I did some experimentation with the srq_pingpong libibverbs example
code. First I built it directly with:
gcc -g -c pingpong.c -I/usr/local/ofed/include
gcc -g -c -D_GNU_SOURCE srq_pingpong.c -I/usr/local/ofed/include
gcc -g -o srq_pingpong srq_pingpong.o pingpong.o -L/usr/local/ofed/lib64
-libverbs
This works. Next I copied srq_pingpong.c to two files:
srq_pingpong_rowland.c
- just has a main function that calls lib_start().

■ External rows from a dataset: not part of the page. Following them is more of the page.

lemma Gamma0_add:
  assumes f: "Gamma0 f" and h: "Gamma0 h" and "f x0 \<noteq> \<infinity>" "h x0 \<noteq> \<infinity>"
  shows "Gamma0 (\<lambda>u. f u + h u)"
proof -
  have not_minf: "\<And>x. f x \<noteq> -\<infinity>" "\<And>x. h x \<noteq> -\<infinity>"
    using f h by (auto simp: Gamma0_def proper_fun_def)
  then have "proper_fun (\<lambda>u. f u + h u)"
    unfolding proper_fun_def using assms(3,4) by (auto intro!: exI[of _ x0])
  moreover have "convex_efun (\<lambda>u. f u + h u)"
    using f h by (intro convex_efun_add not_minf) (simp_all add: Gamma0_def)
  moreover have "lsc_efun (\<lambda>u. f u + h u)"
    using f h by (intro lsc_efun_add not_minf) (simp_all add: Gamma0_def)
  ultimately show ?thesis by (simp add: Gamma0_def)
qed

lemma Ptb_l_subset_Ptb_c:
  assumes not_minf: "\<And>x. f x \<noteq> -\<infinity>"
  shows "Ptb_l f xb \<epsilon> \<subseteq> Ptb_c f xb \<epsilon>"
proof
  fix g assume "g \<in> Ptb_l f xb \<epsilon>"
  then obtain L :: "'a \<Rightarrow>\<^sub>L real" where L: "norm L \<le> \<epsilon>" "\<And>u. g u = f u + ereal (L (u - xb))"
    unfolding Ptb_l_def by blast
  have e0: "0 \<le> \<epsilon>" using L(1) norm_ge_zero order_trans by blast
  have "absdiff (g x) (f x) / ereal (norm (x - xb)) \<le> ereal \<epsilon>" if "x \<noteq> xb" for x
  proof -
    have "\<bar>L (x - xb)\<bar> \<le> norm L * norm (x - xb)" using norm_blinfun[of L "x - xb"] by simp
    also have "\<dots> \<le> \<epsilon> * norm (x - xb)" using L(1) by (rule mult_right_mono) simp
    finally have "\<bar>L (x - xb)\<bar> \<le> \<epsilon> * norm (x - xb)" .
    then have "absdiff (g x) (f x) \<le> ereal (norm (x - xb)) * ereal \<epsilon>"
      using L(2)[of x] e0 not_minf[of x] by (cases "f x") (auto simp: absdiff_def mult.commute)
    then show ?thesis using that by (simp add: ereal_divide_le_pos)
  qed
  then have "Limsup (at xb) (\<lambda>x. absdiff (g x) (f x) / ereal (norm (x - xb))) \<le> ereal \<epsilon>"
    by (intro Limsup_bounded) (auto simp: eventually_at_filter)
  moreover have "g xb = f xb" using L(2)[of xb] by simp
  ultimately show "g \<in> Ptb_c f xb \<epsilon>"
    unfolding Ptb_c_def Ptb_def using Gamma0_blinfun_affine L(2) by blast
qed

lemma Ptb_c_subset_Gamma0_Ptb:
  assumes f: "Gamma0 f" and zero: "f xb = 0"
  shows "Ptb_c f xb \<epsilon> \<subseteq> {g. Gamma0 g} \<inter> Ptb f xb \<epsilon>"
proof
  fix g assume "g \<in> Ptb_c f xb \<epsilon>"
  then obtain h where h: "Gamma0 h" "\<And>u. g u = f u + h u" and g: "g \<in> Ptb f xb \<epsilon>"
    unfolding Ptb_c_def by blast
  then have "h xb = 0" using zero by (simp add: Ptb_def)
  then have "Gamma0 (\<lambda>u. f u + h u)" using Gamma0_add[OF f h(1), of xb] zero by simp
  moreover have "g = (\<lambda>u. f u + h u)" using h(2) by auto
  ultimately show "g \<in> {g. Gamma0 g} \<inter> Ptb f xb \<epsilon>" using g by simp
qed

lemma Er_Ptb_le_Er_Ptb_c: "Gamma0 f \<Longrightarrow> f xb = 0 \<Longrightarrow> Er_Ptb f xb \<epsilon> \<le> Er_Ptb_c f xb \<epsilon>"
  unfolding Er_Ptb_def Er_Ptb_c_def by (rule INF_superset_mono[OF Ptb_c_subset_Gamma0_Ptb]) simp_all

lemma Er_Ptb_c_le_Er_Ptb_l: "Gamma0 f \<Longrightarrow> Er_Ptb_c f xb \<epsilon> \<le> Er_Ptb_l f xb \<epsilon>"
  unfolding Er_Ptb_c_def Er_Ptb_l_def
  by (rule INF_superset_mono[OF Ptb_l_subset_Ptb_c]) (simp_all add: Gamma0_def proper_fun_def)

lemma Er_Ptb_nonneg: "0 \<le> Er_Ptb f xb \<epsilon>"
  and Er_Ptb_c_nonneg: "0 \<le> Er_Ptb_c f xb \<epsilon>"
  and Er_Ptb_l_nonneg: "0 \<le> Er_Ptb_l f xb \<epsilon>"
  unfolding Er_Ptb_def Er_Ptb_c_def Er_Ptb_l_def by (simp_all add: Er_nonneg INF_greatest)

lemma Inf_zero_level_mono:
  fixes F G :: "real \<Rightarrow> ereal"
  assumes "\<And>\<epsilon>. 0 \<le> F \<epsilon>" and "\<And>\<epsilon>. F \<epsilon> \<le> G \<epsilon>"
  shows "Inf {ereal \<epsilon> | \<epsilon>. \<epsilon> > 0 \<and> F \<epsilon> = 0} \<le> Inf {ereal \<epsilon> | \<epsilon>. \<epsilon> > 0 \<and> G \<epsilon> = 0}"
proof (rule Inf_superset_mono, safe)
  fix \<epsilon> :: real assume "\<epsilon> > 0" "G \<epsilon> = 0"
  then have "F \<epsilon> = 0" using assms[of \<epsilon>] by (simp add: antisym)
  with \<open>\<epsilon> > 0\<close> show "\<exists>\<epsilon>'. ereal \<epsilon> = ereal \<epsilon>' \<and> \<epsilon>' > 0 \<and> F \<epsilon>' = 0" by blast
qed

section \<open>Boundary subgradients give perturbations without error bound\<close>

lemma infdist_ge_halfspace:
  fixes w :: "'a::real_normed_vector \<Rightarrow>\<^sub>L real"
  assumes "xb \<in> S" and "\<And>v. v \<in> S \<Longrightarrow> w (v - xb) \<le> 0"
  shows "w (x - xb) / norm w \<le> infdist x S"
  unfolding infdist_notempty[OF ex_in_conv[THEN iffD1, OF exI, OF assms(1)]]
proof (rule cINF_greatest)
  fix v assume "v \<in> S"
  then have "w (x - xb) \<le> w (x - xb) - w (v - xb)" using assms(2) by simp
  also have "\<dots> = w (x - v)" by (simp add: blinfun.diff_right)
  also have "\<dots> \<le> norm w * dist x v" using norm_blinfun[of w "x - v"] by (simp add: dist_norm)
  finally show "w (x - xb) / norm w \<le> dist x v"
    by (cases "w = 0") (simp_all add: divide_le_eq mult.commute)
qed (use assms(1) in blast)

lemma Er_le_of_linear_minorant:
  fixes g :: "'a::real_normed_vector \<Rightarrow> ereal" and w :: "'a \<Rightarrow>\<^sub>L real"
  assumes convex: "convex_efun g" and zero: "g xb = 0"
    and minorant: "\<And>v. ereal (w (v - xb)) \<le> g v"
    and u: "g u = ereal a" and pos: "0 < w (u - xb)"
  shows "Er g xb \<le> ereal (a * norm w / w (u - xb))"
  unfolding Er_def
proof (rule Liminf_at_within_leI)
  fix r :: real assume "r > 0"
  define e where "e = u - xb"
  have we: "0 < w e" using pos by (simp add: e_def)
  then have "0 < norm e" by (auto simp: blinfun.zero_right)
  define t where "t = r / (r + norm e)"
  have d: "0 < r + norm e" using \<open>r > 0\<close> \<open>0 < norm e\<close> by (rule add_pos_pos)
  have "r * norm e < r * (r + norm e)" using \<open>r > 0\<close> by simp
  then have t: "0 < t" "t < 1" "t * norm e < r"
    using \<open>r > 0\<close> \<open>0 < norm e\<close> d by (simp_all add: t_def divide_less_eq mult.commute)
  define x where "x = xb + t *\<^sub>R e"
  have "x = t *\<^sub>R u + (1 - t) *\<^sub>R xb" by (simp add: x_def e_def algebra_simps)
  then have "g x \<le> ereal (t * a)"
    using convex_efunD_finite[OF convex u zero[unfolded zero_ereal_def] t(1,2)] by simp
  moreover have "ereal (t * w e) \<le> g x"
    using minorant[of x] by (simp add: x_def blinfun.scaleR_right)
  ultimately obtain c where c: "g x = ereal c" "t * w e \<le> c" "c \<le> t * a"
    by (cases "g x") auto
  have "w e \<le> a" using c(2,3) t(1) by (meson mult_le_cancel_left_pos order_trans)
  define S where "S = sublevel0 g"
  have "xb \<in> S" using zero by (simp add: S_def sublevel0_def)
  moreover have "w (v - xb) \<le> 0" if "v \<in> S" for v
    using that minorant[of v] order_trans[of "ereal (w (v - xb))" "g v" 0] by (simp add: S_def sublevel0_def)
  ultimately have dist_S: "t * w e / norm w \<le> infdist x S"
    using infdist_ge_halfspace[of xb S w x] by (simp add: x_def blinfun.scaleR_right)
  have "0 < norm w" using we by (auto simp: blinfun.zero_left)
  then have "0 < infdist x S" using dist_S t(1) we by (meson divide_pos_pos less_le_trans mult_pos_pos)
  have "c \<le> t * w e / norm w * (a * norm w / w e)"
    using c(3) \<open>0 < norm w\<close> we by (simp add: field_simps)
  also have "\<dots> \<le> infdist x S * (a * norm w / w e)"
    using dist_S \<open>w e \<le> a\<close> we by (intro mult_right_mono) simp_all
  finally have "c / infdist x S \<le> a * norm w / w e"
    using \<open>0 < infdist x S\<close> by (simp add: pos_divide_le_eq mult.commute)
  then have "g x / edist_set x (sublevel0 g) \<le> ereal (a * norm w / w (u - xb))"
    using c(1) \<open>0 < infdist x S\<close> edist_set_sublevel0[of g xb x] zero by (simp add: S_def e_def)
  moreover have "x \<noteq> xb" and "dist x xb < r" and "g x > 0"
    using t \<open>0 < norm e\<close> c mult_pos_pos[OF t(1) we] by (auto simp: x_def dist_norm)
  ultimately show "\<exists>x \<in> {x. g x > 0}. x \<noteq> xb \<and> dist x xb < r \<and>
      g x / edist_set x (sublevel0 g) \<le> ereal (a * norm w / w (u - xb))" by blast
qed

lemma frontier_subdiff_nearby_violation:
  assumes "xs \<in> frontier (subdiff f xb)" and "0 < \<delta>"
    and "\<And>x. f x \<noteq> -\<infinity>" and "f xb = 0"
  obtains w u r where "norm w < \<delta>" and "f u = ereal r" and "r < (xs + w) (u - xb)"
proof -
  have "xs \<notin> interior (subdiff f xb)" using assms(1) by (simp add: frontier_def)
  then obtain ys where "dist xs ys < \<delta>" "ys \<notin> subdiff f xb"
    using assms(2) by (auto simp: mem_interior subset_eq)
  then obtain u where u: "f u < ereal (ys (u - xb))" and "norm (ys - xs) < \<delta>"
    using assms(4) by (auto simp: subdiff_def not_le dist_norm norm_minus_commute)
  moreover obtain r where "f u = ereal r"
    using u assms(3)[of u] by (cases "f u") auto
  ultimately show thesis using u by (intro that[of "ys - xs" u r]) auto
qed

lemma Er_Ptb_l_eq_0_of_frontier:
  fixes f :: "'a::real_normed_vector \<Rightarrow> ereal"
  assumes f: "Gamma0 f" and zero: "f xb = 0"
    and xs: "xs \<in> frontier (subdiff f xb)" and small: "norm xs < \<epsilon>"
  shows "Er_Ptb_l f xb \<epsilon> = 0"
proof (rule antisym[OF ereal_le_epsilon2[of _ 0] Er_Ptb_l_nonneg])
  fix \<eta> :: real assume "0 < \<eta>"
  have not_minf: "\<And>x. f x \<noteq> -\<infinity>" using f by (auto simp: Gamma0_def proper_fun_def)
  have subgradient: "ereal (xs (v - xb)) \<le> f v" for v
  proof -
    have "xs \<in> subdiff f xb" using xs frontier_subset_closed[OF closed_subdiff] by blast
    then show ?thesis using zero by (simp add: subdiff_def)
  qed
  obtain w u r where w: "norm w < min (\<eta> / 2) (\<epsilon> - norm xs)" and u: "f u = ereal r"
    and r: "r < (xs + w) (u - xb)"
  proof (rule frontier_subdiff_nearby_violation[OF xs _ not_minf zero])
    show "0 < min (\<eta> / 2) (\<epsilon> - norm xs)" using \<open>0 < \<eta>\<close> small by simp
  qed
  have w_pos: "0 < w (u - xb)"
    using subgradient[of u] u r by (simp add: blinfun.add_left)
  define g where "g v = f v + ereal ((w - xs) (v - xb))" for v
  have "norm (w - xs) \<le> \<epsilon>" using norm_triangle_ineq4[of w xs] w by simp
  then have "g \<in> Ptb_l f xb \<epsilon>" unfolding Ptb_l_def g_def by blast
  then have "Er_Ptb_l f xb \<epsilon> \<le> Er g xb" unfolding Er_Ptb_l_def by (rule INF_lower)
  also have "Er g xb \<le> ereal ((r + (w - xs) (u - xb)) * norm w / w (u - xb))"
  proof (rule Er_le_of_linear_minorant)
    have "Gamma0 g"
      unfolding g_def using Gamma0_add[OF f Gamma0_blinfun_affine[of "w - xs" xb], of xb] zero by simp
    then show "convex_efun g" by (simp add: Gamma0_def)
    show "g xb = 0" using zero by (simp add: g_def)
    show "ereal (w (v - xb)) \<le> g v" for v
      using add_right_mono[OF subgradient[of v], of "ereal ((w - xs) (v - xb))"]
      by (simp add: g_def blinfun.diff_left)
  qed (simp_all add: g_def u w_pos)
  also have "\<dots> \<le> ereal (2 * norm w)"
  proof -
    have "r + (w - xs) (u - xb) \<le> 2 * w (u - xb)" using r by (simp add: blinfun.add_left blinfun.diff_left)
    then have "(r + (w - xs) (u - xb)) * norm w \<le> (2 * w (u - xb)) * norm w"
      by (rule mult_right_mono) simp
    then show ?thesis using w_pos by (simp add: divide_le_eq mult_ac)
  qed
  also have "\<dots> \<le> 0 + ereal \<eta>" using w by simp
  finally show "Er_Ptb_l f xb \<epsilon> \<le> 0 + ereal \<eta>" .
qed

section \<open>Below the boundary slope every perturbation keeps an error bound\<close>

lemma bd_slope_growth_dichotomy:
  fixes f :: "'a::real_normed_vector \<Rightarrow> ereal"
  assumes f: "Gamma0 f" and zero: "f xb = 0" and b: "0 \<le> b" "ereal b < bd_slope f xb"
  shows "(\<forall>u. ereal (b * norm (u - xb)) \<le> f u) \<or> (\<exists>u. f u < ereal (- b * norm (u - xb)))"
proof (rule ccontr)
  assume "\<not> ?thesis"
  then have minorant: "\<And>u. ereal (- b * norm (u - xb)) \<le> f u"
    and "\<exists>u. f u < ereal (b * norm (u - xb))"
    by (auto simp: not_le not_less)
  then obtain u where u: "f u < ereal (b * norm (u - xb))" by blast
  have convex: "convex_efun f" and not_minf: "\<And>x. f x \<noteq> -\<infinity>"
    using f by (auto simp: Gamma0_def proper_fun_def)
  obtain ws where ws: "ws \<in> subdiff f xb" "norm ws \<le> b"
    using subdiff_exists_norm_le[OF convex not_minf b(1) zero minorant] by blast
  obtain y0 :: "'a \<Rightarrow>\<^sub>L real" where y0: "norm y0 \<le> 1" "y0 (u - xb) = norm (u - xb)"
    using exists_norming_functional by blast
  define ys where "ys = b *\<^sub>R y0"
  have "ys \<notin> subdiff f xb"
    using u zero y0(2) by (auto simp: subdiff_def ys_def not_le blinfun.scaleR_left intro!: exI[of _ u])
  moreover have "closed_segment ws ys \<inter> subdiff f xb \<noteq> {}" using ws(1) by auto
  ultimately have "closed_segment ws ys \<inter> frontier (subdiff f xb) \<noteq> {}"
    by (intro connected_Int_frontier) (auto intro: convex_connected)
  then obtain p where p: "p \<in> closed_segment ws ys" "p \<in> frontier (subdiff f xb)" by blast
  have "norm ys \<le> b" using y0(1) b(1) by (simp add: ys_def mult_left_le)
  then have "closed_segment ws ys \<subseteq> cball 0 b"
    using ws(2) by (intro closed_segment_subset) (auto simp: convex_cball)
  then have "norm p \<le> b" using p(1) by auto
  moreover have "bd_slope f xb \<le> ereal (norm p)"
    using p(2) infdist_le[OF p(2), of 0] by (auto simp: bd_slope_def edist_set_def)
  ultimately show False using b(2) by (meson ereal_less_eq(3) leD order_trans)
qed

srq_pingpong_lib_rowland.c
- main() changed to lib_start().
This moves all of the SRQ pingpong code into a shared library. If I
build this shared library in this way, it works:
gcc -g -fpic -c pingpong.c -I/usr/local/ofed/include
gcc -g -fpic -c -D_GNU_SOURCE srq_pingpong_lib_rowland.c
-I/usr/local/ofed/include
gcc -g -shared -Wl,-soname,libsrqtest.so -o libsrqtest.so
srq_pingpong_lib_rowland.o pingpong.o -L/usr/local/ofed/lib64 -libverbs
gcc -g -o srq_pingpong_rowland srq_pingpong_rowland.c -L$PWD -lsrqtest
Above I am linking libibverbs directly into my libsrqtest.so
library. This works and the IBVERBS 1.1 ABI is clearly in the
libsrqtest.so file:
[rowland at z1 ibverbs-examples]$ nm libsrqtest.so |grep ibv |head
U ibv_ack_cq_events@@IBVERBS_1.1
U ibv_alloc_pd@@IBVERBS_1.1
U ibv_close_device@@IBVERBS_1.1
U ibv_create_comp_channel@@IBVERBS_1.0
U ibv_create_cq@@IBVERBS_1.1
U ibv_create_qp@@IBVERBS_1.1
U ibv_create_srq@@IBVERBS_1.1
U ibv_dealloc_pd@@IBVERBS_1.1
U ibv_dereg_mr@@IBVERBS_1.1
U ibv_destroy_comp_channel@@IBVERBS_1.0
However, if I build in a similar way to MVAPICH2, the resulting program
fails:
gcc -g -fpic -c pingpong.c -I/usr/local/ofed/include
gcc -g -fpic -c -D_GNU_SOURCE srq_pingpong_lib_rowland.c
-I/usr/local/ofed/include
gcc -g -shared -Wl,-soname,libsrqtest.so -o libsrqtest.so
srq_pingpong_lib_rowland.o pingpong.o
gcc -g -o srq_pingpong_rowland srq_pingpong_rowland.c -L$PWD
-L/usr/local/ofed/lib64 -lsrqtest -libverbs
Above I am not linking libibverbs into libsrqtest.so, thus it is
required on the last gcc line. This is how MVAPICH2's libmpich.so file
works, and from past experience, I've seen this before. Running shows:
[rowland at z1 ibverbs-examples]$ gdb ./srq_pingpong_rowland
GNU gdb Red Hat Linux (6.3.0.0-1.132.EL4rh)
Copyright 2004 Free Software Foundation, Inc.
GDB is free software, covered by the GNU General Public License, and you are
welcome to change it and/or distribute copies of it under certain
conditions.
Type "show copying" to see the conditions.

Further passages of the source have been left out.